## Task statement:
With no edits of any kind, print each record that follows.

[Opening Data for this task section]

(* Let $Z\subset\mathbb{S}_1$ be a finite nonempty set of points. Then the following are equivalent: (i) there exists a positive integer $m$ such that $\alpha(mZ)=\alpha((m+1)Z)=\alpha((m+2)Z)=\alpha((m+3)Z)$; (ii) either $Z=\{Q\}$ with $Q\in E_1$, or $Z=\{Q_1,Q_2\}\subset E_1$ with $Q_1\neq Q_2$.
   Context: Let $P_1\in\mathbb{P}^2(\mathbb{C})$ be a point and $f\colon\mathbb{S}_1\to\mathbb{P}^2$ the blow-up of $\mathbb{P}^2$ at $P_1$, with exceptional curve $E_1=f^{-1}(P_1)$; let $H$ be the pullback of the class of a line. Let $\mathbb{L}_1=3H-E_1=-K_{\mathbb{S}_1}$. For a finite set $Z\subset\mathbb{S}_1$ with ideal sheaf $\mathcal{I}_Z$ and a positive integer $m$, the initial degree is $\alpha(mZ)=\min\{d\ge 0:\ H^0(\mathbb{S}_1,d\mathbb{L}_1\otimes\mathcal{I}_Z^{(m)})\neq 0\}$, i.e. the least $d$ such that some effective divisor $D\in|d\mathbb{L}_1|$ has multiplicity at least $m$ at every point of $Z$. *)

theory Defs
  imports Complex_Main
begin

text \<open>
  Points of the blow-up S_1 = (P^2 - {P1}) disjoint-union E_1, where E_1 is the
  projectivised tangent space at P1 (directions [s:t] in the affine chart z = 1).
  Projective points are represented by normalised representatives
  (first nonzero coordinate equal to 1).
\<close>

datatype s1pt = Off "complex \<times> complex \<times> complex" | Exc "complex \<times> complex"

definition norm3 :: "complex \<times> complex \<times> complex \<Rightarrow> bool" where
  "norm3 p = (case p of (a, b, c) \<Rightarrow>
      a = 1 \<or> (a = 0 \<and> b = 1) \<or> (a = 0 \<and> b = 0 \<and> c = 1))"

definition norm2 :: "complex \<times> complex \<Rightarrow> bool" where
  "norm2 l = (case l of (s, t) \<Rightarrow> s = 1 \<or> (s = 0 \<and> t = 1))"

definition P1 :: "complex \<times> complex \<times> complex" where
  "P1 = (0, 0, 1)"

definition S1 :: "s1pt set" where
  "S1 = {Off p | p. norm3 p \<and> p \<noteq> P1} \<union> {Exc l | l. norm2 l}"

[Closing Data for this task section]

## Exercise answer:
(* Let $Z\subset\mathbb{S}_1$ be a finite nonempty set of points. Then the following are equivalent: (i) there exists a positive integer $m$ such that $\alpha(mZ)=\alpha((m+1)Z)=\alpha((m+2)Z)=\alpha((m+3)Z)$; (ii) either $Z=\{Q\}$ with $Q\in E_1$, or $Z=\{Q_1,Q_2\}\subset E_1$ with $Q_1\neq Q_2$.
   Context: Let $P_1\in\mathbb{P}^2(\mathbb{C})$ be a point and $f\colon\mathbb{S}_1\to\mathbb{P}^2$ the blow-up of $\mathbb{P}^2$ at $P_1$, with exceptional curve $E_1=f^{-1}(P_1)$; let $H$ be the pullback of the class of a line. Let $\mathbb{L}_1=3H-E_1=-K_{\mathbb{S}_1}$. For a finite set $Z\subset\mathbb{S}_1$ with ideal sheaf $\mathcal{I}_Z$ and a positive integer $m$, the initial degree is $\alpha(mZ)=\min\{d\ge 0:\ H^0(\mathbb{S}_1,d\mathbb{L}_1\otimes\mathcal{I}_Z^{(m)})\neq 0\}$, i.e. the least $d$ such that some effective divisor $D\in|d\mathbb{L}_1|$ has multiplicity at least $m$ at every point of $Z$. *)

theory Defs
  imports Complex_Main
begin

text \<open>
  Points of the blow-up S_1 = (P^2 - {P1}) disjoint-union E_1, where E_1 is the
  projectivised tangent space at P1 (directions [s:t] in the affine chart z = 1).
  Projective points are represented by normalised representatives
  (first nonzero coordinate equal to 1).
\<close>

datatype s1pt = Off "complex \<times> complex \<times> complex" | Exc "complex \<times> complex"

definition norm3 :: "complex \<times> complex \<times> complex \<Rightarrow> bool" where
  "norm3 p = (case p of (a, b, c) \<Rightarrow>
      a = 1 \<or> (a = 0 \<and> b = 1) \<or> (a = 0 \<and> b = 0 \<and> c = 1))"

definition norm2 :: "complex \<times> complex \<Rightarrow> bool" where
  "norm2 l = (case l of (s, t) \<Rightarrow> s = 1 \<or> (s = 0 \<and> t = 1))"

definition P1 :: "complex \<times> complex \<times> complex" where
  "P1 = (0, 0, 1)"

definition S1 :: "s1pt set" where
  "S1 = {Off p | p. norm3 p \<and> p \<noteq> P1} \<union> {Exc l | l. norm2 l}"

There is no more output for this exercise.